In Tibetan Buddhism, Kurukullā is seen as a goddess of power, and she is also the Tantric Buddhist deity in charge of authority and dharma. After extensive casting and engraving, this statue brings to life Kurukullā's dharmic form, said to be "having a body of a sixteen-year-old girl, entirely red, representing the method of love." Her golden hair rises fiercely, crowned with five skulls. With a wrathful expression, she subdues the four demons. She is wrapped by roaring flames, and her vastness expands amidst compassion, loving-kindness, joy, and equanimity. The burned flowers release fume under her gaze which encompasses both love and death.

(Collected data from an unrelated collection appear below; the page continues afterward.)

text \<open>For t in (t0, t1], the outer edges are expressed by the two ratios of
  right_frenet_limits; transversality (condition I) makes the vertices well defined.\<close>

lemma outer_edges_eq:
  assumes adm: "admissible_curve P Q I" and seg: "admissible_segment P Q I t0 t1"
  defines "r \<equiv> rcurve P Q"
  shows "eventually (\<lambda>t.
      dist (r t0) (tet_v1 r t0 t) = \<bar>((r t - r t0) \<bullet> ubinormal r t) / (alpha_plus r t0 \<bullet> ubinormal r t)\<bar>
        * norm (alpha_plus r t0) \<and>
      dist (tet_v2 r t0 t) (r t) = \<bar>((r t - r t0) \<bullet> gamma_plus r t0) / (utangent r t \<bullet> gamma_plus r t0)\<bar>)
    (at_right t0)"
proof -
  have t01: "t0 < t1" and sub: "{t0..t1} \<subseteq> I"
    and nochar: "\<And>t. t \<in> {t0<..t1} \<Longrightarrow> \<not> character_param P Q t"
    and transversal: "\<And>s1 s2. t0 \<le> s1 \<Longrightarrow> s1 < s2 \<Longrightarrow> s2 \<le> t1 \<Longrightarrow>
         alpha_plus r s1 \<bullet> gamma_minus r s2 \<noteq> 0 \<and> alpha_minus r s2 \<bullet> gamma_plus r s1 \<noteq> 0"
    using seg unfolding admissible_segment_def Let_def r_def by blast+
  have "t0 \<in> I" using sub t01 by auto
  note right = right_frenet_limits[OF adm this, folded r_def]
  show ?thesis
    using eventually_at_right_real[OF t01]
  proof eventually_elim
    case (elim t)
    then have t: "t \<in> regular_params Q" "\<not> inflection_param r t"
      using admissible_segment_regular[OF adm seg] nochar[of t]
      by (auto simp: character_param_def r_def)
    note left = left_frenet_at_regular[OF t[unfolded r_def], folded r_def]
    have "alpha_plus r t0 \<bullet> gamma_minus r t \<noteq> 0" "alpha_minus r t \<bullet> gamma_plus r t0 \<noteq> 0"
      using transversal[of t0 t] elim by auto
    then show ?case
      using tet_v1_eq[OF right(1)] tet_v2_eq[of r t t0] left
      by (simp add: dist_norm inner_diff_left minus_divide_left[symmetric])
  qed
qed
lemma clamp_bias_components [simp]:
  "zW (clamp_bias a z) = zW z" "zV (clamp_bias a z) = zV z"
  "zb1 (clamp_bias a z) = (\<chi> i. max (zb1 z $ i) (-a))"
  "zb2 (clamp_bias a z) = (\<chi> j. max (zb2 z $ j) (-a))"
  by (simp_all add: clamp_bias_def)

lemma Omega3_iff: "z \<in> Omega3 a \<longleftrightarrow> (\<forall>i. \<bar>zb1 z $ i\<bar> \<le> a) \<and> (\<forall>j. \<bar>zb2 z $ j\<bar> \<le> a)"
  by (simp add: Omega3_def binf_def)

lemma clamp_bias_eq_self:
  assumes "z \<in> Omega3 a"
  shows "clamp_bias a z = z"
proof -
  have "-a \<le> zb1 z $ i" "-a \<le> zb2 z $ j" for i j
    using assms unfolding Omega3_iff abs_le_iff by (meson minus_le_iff)+
  then have "(\<chi> i. max (zb1 z $ i) (-a)) = zb1 z" "(\<chi> j. max (zb2 z $ j) (-a)) = zb2 z"
    by (simp_all add: vec_eq_iff max_absorb1)
  then show ?thesis by (simp add: clamp_bias_def var_eta)
qed

lemma isCont_clamp_bias: "isCont (clamp_bias a) z"
proof -
  have "continuous_on UNIV (clamp_bias a :: ('n0::finite, 'n1::finite, 'n::finite) var \<Rightarrow> _)"
    unfolding clamp_bias_def zW_def zb1_def zb2_def zV_def by (intro continuous_intros)
  then show ?thesis using continuous_on_eq_continuous_at open_UNIV by blast
qed

lemma clamp_bias_Omega3:
  assumes "0 \<le> a" "\<And>i. zb1 z $ i \<le> a" "\<And>j. zb2 z $ j \<le> a"
  shows "clamp_bias a z \<in> Omega3 a"
  using assms by (auto simp: Omega3_iff abs_le_iff max_def)

lemma pos_add_clamp:
  assumes "\<And>i. y $ i \<le> a"
  shows "pos (y + (\<chi> i. max (b $ i) (-a))) = pos (y + b)"
proof -
  have "max (y $ i + max (b $ i) (-a)) 0 = max (y $ i + b $ i) 0" for i
    using assms[of i] by (auto simp: max_def)
  then show ?thesis by (simp add: vec_eq_iff)
qed

lemma hidden_clamp_bias:
  assumes "\<And>n i. (zW z *v col X n) $ i \<le> a"
  shows "hidden X (clamp_bias a z) = hidden X z"
  using assms by (simp add: hidden_def pos_add_clamp)

lemma Ffun_clamp_bias:
  assumes "\<And>n j. (transpose (zW z) *v col (zV z) n) $ j \<le> a"
  shows "Ffun X (clamp_bias a z) = Ffun X z"
  using assms by (simp add: Ffun_def pos_add_clamp)

lemma Rfun_clamp_bias: "Rfun lam1 lam2 (clamp_bias a z) = Rfun lam1 lam2 z"
  by (simp add: Rfun_def)

context
  fixes X :: "real^'n::finite^'n0::finite" and z :: "('n0, 'n1::finite, 'n) var"
    and lam1 lam2 beta theta :: real
  assumes z: "z \<in> Omega_theta X lam1 lam2 beta theta"
    and lam1: "0 < lam1" and lam2: "0 < lam2" and beta: "0 \<le> beta"
begin

lemma Omega_theta_bounds:
  shows "0 \<le> theta"
    and "Ffun X z \<le> theta"
    and "(\<Sum>i\<in>UNIV. zV z $ i $ n) \<le> theta / lam1"
    and "\<bar>zW z $ i $ j\<bar> \<le> sqrt (theta / lam2)"
proof -
  let ?S = "\<Sum>n\<in>UNIV. \<Sum>i\<in>UNIV. zV z $ i $ n"
  have z2: "z \<in> Omega2 X" and zO: "Ofun X lam1 lam2 beta z \<le> theta"
    using z by (auto simp: Omega_theta_def)
  have "0 \<le> Ffun X z" by (rule Ffun_nonneg)
  moreover have "0 \<le> Pfun X beta z" using Pfun_nonneg[OF z2 beta] .
  moreover have "0 \<le> lam1 * ?S" "0 \<le> lam2 * (frob (zW z))\<^sup>2"
    using lam1 lam2 Omega2_V_nonneg[OF z2] by (auto intro!: mult_nonneg_nonneg sum_nonneg)
  moreover have "Ofun X lam1 lam2 beta z = Ffun X z + lam1 * ?S + lam2 * (frob (zW z))\<^sup>2 + Pfun X beta z"
    by (simp add: Ofun_def Rfun_def)
  ultimately have F: "Ffun X z \<le> theta" and S: "lam1 * ?S \<le> theta" and W: "lam2 * (frob (zW z))\<^sup>2 \<le> theta"
    using zO by linarith+
  show "0 \<le> theta" using F Ffun_nonneg[of X z] by linarith
  show "Ffun X z \<le> theta" by (fact F)
  have "(\<Sum>i\<in>UNIV. zV z $ i $ n) \<le> ?S"
    by (rule member_le_sum) (auto intro: sum_nonneg Omega2_V_nonneg[OF z2])
  then have "lam1 * (\<Sum>i\<in>UNIV. zV z $ i $ n) \<le> lam1 * ?S"
    using lam1 by (intro mult_left_mono) auto
  then have "lam1 * (\<Sum>i\<in>UNIV. zV z $ i $ n) \<le> theta"
    using S by linarith
  then show "(\<Sum>i\<in>UNIV. zV z $ i $ n) \<le> theta / lam1"
    using lam1 by (simp add: pos_le_divide_eq mult.commute)
  have "frob (zW z) \<le> sqrt (theta / lam2)"
    using W lam2 by (intro real_le_rsqrt) (simp add: pos_le_divide_eq mult.commute)
  then show "\<bar>zW z $ i $ j\<bar> \<le> sqrt (theta / lam2)"
    using abs_entry_le_frob order_trans by blast
qed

Hades and Eros extends Jiang Sheng's reflections on the interplay between human life, the natural world, and the environments shaped by human hands. He noted that these flowers, soaked in water, owe their cultivation and harvest to human actions. Once these flowers have served the purpose humans set for them, they are released back to nature, illustrating a cycle of "human-influenced nature." This artwork prompts us to ponder certain questions, for instance, how do humans, a part of the natural world, rely on its forces for survival? If life is likened to a river's flow, where might death and love take us?
Hades and Eros delicately explores the paralleling imagery embedded in both the Buddhist statues and the film. Flowers once adorned the Buddhist statues, now flow downstream, finding solace in the embodiment of another Buddhist deity. This narrative of the Buddha's "presence" and "absence" weaves seamlessly into the five elements depicted in AKASHA.

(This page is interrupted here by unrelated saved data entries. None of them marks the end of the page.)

(* Let $M_G$ be a mixed graph of order $n$ and write $\det(xI-N(M_G))=x^n+c_1x^{n-1}+\dots+c_{n-1}x+c_n$. Then for each $k$, $$c_k=\sum_{M_{G'}}(-1)^{-k+r(G')+l_{sn}(M_{G'})+l_n(M_{G'})}\cdot 2^{l_p(M_{G'})+l_n(M_{G'})},$$ where the sum runs over all elementary mixed subgraphs $M_{G'}$ of $M_G$ with $k$ vertices, $G'$ is the underlying graph of $M_{G'}$, and $l_p(M_{G'}),l_n(M_{G'}),l_{sn}(M_{G'})$ are the numbers of positive, negative and semi-negative mixed cycles in $M_{G'}$, respectively.
   Context: A mixed graph $M_G$ is obtained from a finite simple graph $G$ by orienting the edges of some subset of $E(G)$. With $\omega=\frac{1+\mathbf{i}\sqrt3}{2}$, $N(M_G)=(n_{st})$ has entry $\omega$ for an arc from $u_s$ to $u_t$, $\bar\omega$ for an arc from $u_t$ to $u_s$, $1$ for an undirected edge, $0$ otherwise. A mixed subgraph keeps the directions of $M_G$. A mixed cycle is a mixed graph whose underlying graph is a cycle; for a mixed cycle $v_1v_2\cdots v_lv_1$ its weight (in that direction) is $n_{12}n_{23}\cdots n_{(l-1)l}n_{l1}$. A mixed cycle is positive if its weight is $1$, negative if $-1$, semi-positive if its weight is in $\{\omega,\bar\omega\}$, semi-negative if in $\{-\omega,-\bar\omega\}$ (these notions do not depend on the direction). An elementary mixed graph is one in which every component is a single edge (directed or not) or a mixed cycle. For a simple graph $H$, $r(H)=|V(H)|-t(H)$ where $t(H)$ is the number of components. *)

theory Defs
  imports Complex_Main "Jordan_Normal_Form.Char_Poly"
begin

text \<open>A mixed graph of order n: vertex set {0..<n}; E is the edge set of the
underlying simple graph (2-element subsets); D is the set of arcs, (u,v) \<in> D
meaning the edge {u,v} is oriented from u to v.\<close>

definition mixed_graph :: "nat \<Rightarrow> nat set set \<Rightarrow> (nat \<times> nat) set \<Rightarrow> bool" where
  "mixed_graph n E D \<longleftrightarrow>
     (\<forall>e\<in>E. \<exists>u v. e = {u, v} \<and> u \<noteq> v \<and> u < n \<and> v < n) \<and>
     (\<forall>(u,v)\<in>D. {u, v} \<in> E) \<and>
     (\<forall>(u,v)\<in>D. (v,u) \<notin> D)"

definition omega :: complex where
  "omega = (1 + \<i> * complex_of_real (sqrt 3)) / 2"

definition n_entry :: "nat set set \<Rightarrow> (nat \<times> nat) set \<Rightarrow> nat \<Rightarrow> nat \<Rightarrow> complex" where
  "n_entry E D s t =
     (if (s,t) \<in> D then omega
      else if (t,s) \<in> D then cnj omega
      else if {s,t} \<in> E then 1 else 0)"

definition N_mat :: "nat \<Rightarrow> nat set set \<Rightarrow> (nat \<times> nat) set \<Rightarrow> complex mat" where
  "N_mat n E D = mat n n (\<lambda>(s,t). n_entry E D s t)"

text \<open>Subgraphs without isolated vertices are given by their edge set F.\<close>

definition verts :: "nat set set \<Rightarrow> nat set" where
  "verts F = \<Union>F"

definition adj_rel :: "nat set set \<Rightarrow> nat rel" where
  "adj_rel F = {(x,y). {x,y} \<in> F}"

definition component :: "nat set set \<Rightarrow> nat \<Rightarrow> nat set" where
  "component F v = {u \<in> verts F. (v,u) \<in> (adj_rel F)\<^sup>*}"

definition components :: "nat set set \<Rightarrow> nat set set" where
  "components F = component F ` verts F"

definition comp_edges :: "nat set set \<Rightarrow> nat set \<Rightarrow> nat set set" where
  "comp_edges F C = {e \<in> F. e \<subseteq> C}"

definition rank_r :: "nat set set \<Rightarrow> nat" where
  "rank_r F = card (verts F) - card (components F)"

definition cycle_enum :: "nat list \<Rightarrow> nat set \<Rightarrow> nat set set \<Rightarrow> bool" where
  "cycle_enum vs C F \<longleftrightarrow> distinct vs \<and> length vs \<ge> 3 \<and> set vs = C \<and>
     F = {{vs ! i, vs ! ((i + 1) mod length vs)} | i. i < length vs}"

definition is_cycle :: "nat set \<Rightarrow> nat set set \<Rightarrow> bool" where
  "is_cycle C F \<longleftrightarrow> (\<exists>vs. cycle_enum vs C F)"

definition cycle_weight :: "nat set set \<Rightarrow> (nat \<times> nat) set \<Rightarrow> nat list \<Rightarrow> complex" where
  "cycle_weight E D vs =
     (\<Prod>i<length vs. n_entry E D (vs ! i) (vs ! ((i + 1) mod length vs)))"

definition cycle_has_weight_in ::
  "nat set set \<Rightarrow> (nat \<times> nat) set \<Rightarrow> nat set set \<Rightarrow> complex set \<Rightarrow> nat set \<Rightarrow> bool" where
  "cycle_has_weight_in E D F W C \<longleftrightarrow>
     (\<exists>vs. cycle_enum vs C (comp_edges F C) \<and> cycle_weight E D vs \<in> W)"

definition num_cycles ::
  "nat set set \<Rightarrow> (nat \<times> nat) set \<Rightarrow> nat set set \<Rightarrow> complex set \<Rightarrow> nat" where
  "num_cycles E D F W = card {C \<in> components F. cycle_has_weight_in E D F W C}"

definition l_p where "l_p E D F = num_cycles E D F {1}"
definition l_n where "l_n E D F = num_cycles E D F {-1}"
definition l_sn where "l_sn E D F = num_cycles E D F {- omega, - cnj omega}"

text \<open>elementary mixed subgraph (given by its edge set F \<subseteq> E; arcs inherited):
every component is a single edge or a cycle\<close>
definition elementary :: "nat set set \<Rightarrow> nat set set \<Rightarrow> bool" where
  "elementary E F \<longleftrightarrow> F \<subseteq> E \<and>
     (\<forall>C\<in>components F. card C = 2 \<or> is_cycle C (comp_edges F C))"

end

theory Submission
  imports Defs "HOL-Combinatorics.Cycles"
begin

text \<open>
  Expanding \<open>det (xI - N)\<close> by the Leibniz formula, the coefficient of \<open>x^(n-k)\<close> is \<open>(-1)^k\<close>
  times the sum, over the permutations \<open>p\<close> moving exactly \<open>k\<close> points, of \<open>sign p\<close> times the
  product of the entries \<open>N(i, p i)\<close> with \<open>p i \<noteq> i\<close>. Such a term vanishes unless the graph of
  \<open>p\<close>, formed by the edges \<open>{i, p i}\<close>, lies in \<open>E\<close>. Each component of this graph is a single
  edge, traversed by a transposition, or a cycle of length at least 3, traversed by \<open>p\<close> in one of its
  two directions. Grouping the permutations by their graph \<open>F\<close> therefore turns the sum into a sum
  over the elementary subgraphs with \<open>k\<close> vertices, and for fixed \<open>F\<close> the inner sum factorises
  over the components of \<open>F\<close>. An edge \<open>{u, v}\<close> contributes \<open>-N(u,v) N(v,u) = -1\<close>. The two
  orientations of a cycle \<open>C\<close> have the same sign \<open>(-1)^(|C|-1)\<close> and conjugate weights \<open>W\<close>
  and \<open>cnj W\<close>; as \<open>W\<close> is a sixth root of unity, \<open>W + cnj W\<close> is 2, -2, 1 or -1 according as
  \<open>C\<close> is positive, negative, semi-positive or semi-negative. Since the exponents \<open>|C| - 1\<close> add up
  to \<open>r(F)\<close>, the product is \<open>(-1)^(r(F) + l_sn + l_n) 2^(l_p + l_n)\<close>.
\<close>

section \<open>Connected components of an edge set\<close>

lemma sym_adj_rel: "sym (adj_rel F)"
  unfolding adj_rel_def sym_def by (auto simp: insert_commute)

lemma component_eq:
  assumes "y \<in> component F x"
  shows "component F y = component F x"
proof -
  have xy: "(x, y) \<in> (adj_rel F)\<^sup>*"
    using assms unfolding component_def by auto
  then have "(y, x) \<in> (adj_rel F)\<^sup>*"
    using sym_adj_rel sym_rtrancl symD by metis
  with xy show ?thesis
    unfolding component_def by (auto intro: rtrancl_trans)
qed

lemma mem_component_self: "x \<in> verts F \<Longrightarrow> x \<in> component F x"
  unfolding component_def by auto

lemma component_of_mem: "C \<in> components F \<Longrightarrow> x \<in> C \<Longrightarrow> C = component F x"
  unfolding components_def using component_eq by blast

lemma components_subset_verts: "C \<in> components F \<Longrightarrow> C \<subseteq> verts F"
  unfolding components_def component_def by auto

lemma components_disjoint:
  "C \<in> components F \<Longrightarrow> C' \<in> components F \<Longrightarrow> C \<noteq> C' \<Longrightarrow> C \<inter> C' = {}"
  using component_of_mem by blast

lemma disjoint_components: "disjoint (components F)"
  unfolding pairwise_def disjnt_def using components_disjoint by blast

lemma Union_components: "\<Union>(components F) = verts F"
  unfolding components_def using mem_component_self component_def by fastforce

lemma component_nonempty: "C \<in> components F \<Longrightarrow> C \<noteq> {}"
  unfolding components_def using mem_component_self by blast

lemma finite_verts: "finite F \<Longrightarrow> \<forall>e\<in>F. card e = 2 \<Longrightarrow> finite (verts F)"
  unfolding verts_def by (metis card_eq_0_iff finite_Union zero_neq_numeral)

lemma finite_components: "finite F \<Longrightarrow> \<forall>e\<in>F. card e = 2 \<Longrightarrow> finite (components F)"
  unfolding components_def by (intro finite_imageI finite_verts)

lemma finite_component: "finite F \<Longrightarrow> \<forall>e\<in>F. card e = 2 \<Longrightarrow> C \<in> components F \<Longrightarrow> finite C"
  using finite_subset[OF components_subset_verts finite_verts] .

lemma doubleton_subset_component:
  assumes "{x, y} \<in> F"
  shows "{x, y} \<subseteq> component F x"
proof -
  have "x \<in> verts F" "y \<in> verts F" "(x, y) \<in> adj_rel F"
    using assms unfolding verts_def adj_rel_def by auto
  then show ?thesis
    unfolding component_def by auto
qed

lemma edge_subset_component:
  assumes "e \<in> F" "card e = 2" "x \<in> e"
  shows "e \<subseteq> component F x"
proof -
  from assms(2) obtain u v where uv: "e = {u, v}"
    by (auto simp: card_2_iff)
  with assms(3) have "e = {x, v} \<or> e = {x, u}"
    by (auto simp: insert_commute)
  with assms(1) show ?thesis
    using doubleton_subset_component by metis
qed

lemma Union_comp_edges:
  assumes "\<forall>e\<in>F. card e = 2"
  shows "(\<Union>C\<in>components F. comp_edges F C) = F"
proof
  show "(\<Union>C\<in>components F. comp_edges F C) \<subseteq> F"
    unfolding comp_edges_def by auto
  show "F \<subseteq> (\<Union>C\<in>components F. comp_edges F C)"
  proof
    fix e assume e: "e \<in> F"
    with assms obtain x y where xy: "e = {x, y}"
      by (auto simp: card_2_iff)
    have "component F x \<in> components F"
      using e xy unfolding components_def verts_def by blast
    moreover have "e \<subseteq> component F x"
      using doubleton_subset_component e xy by blast
    ultimately show "e \<in> (\<Union>C\<in>components F. comp_edges F C)"
      using e unfolding comp_edges_def by blast
  qed
qed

In Buddhist teachings, the world is composed of five primary elements: earth, water, fire, wind, and void. Earth, water, fire, and wind account for all tangible matters and are collectively known as the Four Realms. Drawing from the philosophical foundations of ancient Indian religions, void was introduced as the fifth element. Within the imagery, each of these elements accords with a specific color: yellow for earth, green for water, red for fire, and clear blue gaze for both wind and void, with void also being colorless.
In the Mundaka Upanishad, ancient Indian sages utilize an anthropomorphic analogy to elucidate the concept of "Brahma."[1] Brahma gives rises to the self-origin of all worldly entities. As the ultimate truth, Brahma not only gives birth to all beings but also instills stillness into them. It's simultaneously dynamic and still, both intimate and remote.
Drawing a parallel with the human body in relation to these five elements: earth symbolizes the body structure and bones; water, its fluids, and blood; fire, its warmth; wind, the rhythm of breath and circulation of air; and void denotes the body's internal pathways and channels.
AKASHA obscures the tangible body and uses the five elements to depict the world's five qualities: Earth is the foundation for all things to grow, the circulation of wind gives shape to all things based on this foundation, water provides the power to integrate and to prevent dispersion, fire grants maturity, spurring the growth of all. Space encompasses everything, accommodating all phenomena.
Guided by the drone's perspective, we're privy to the continuous renewal of life spirit and ever-changing landscapes. Every shot captivates with the Earth's rich topographic features and their hues–a ceaseless wonder for the eyes that seems to echo in our very being, aligning with a meditative heart's rhythm. Its title, "AKASHA", often translated into “the realm of space" from Sanskrit, can also denote perceiving through one's awareness of a unified energy field.
Jiang Sheng once spoke of a "presence from that time." He observed that sometimes, even after monks have departed, the atmosphere of their previous presence still lingers in the temple space. Hades and Eros and AKASHA are showcased in their original split-screen format at the Jimei x Arles International Photo Festival. These two intertextual pieces are positioned at a specific angle to each other, with the hope that viewers within the space can also sense the flow of images between the "here and now" and the "there and then."
[1] From the Mundaka Upanishad: "His head is fire, his eyes are the moon and the sun, his ears are the directions, his speech is the revealed Vedas, his breath is the wind, his heart is the universe, his feet give rise to the Earth, Brahma is the inner self of all beings."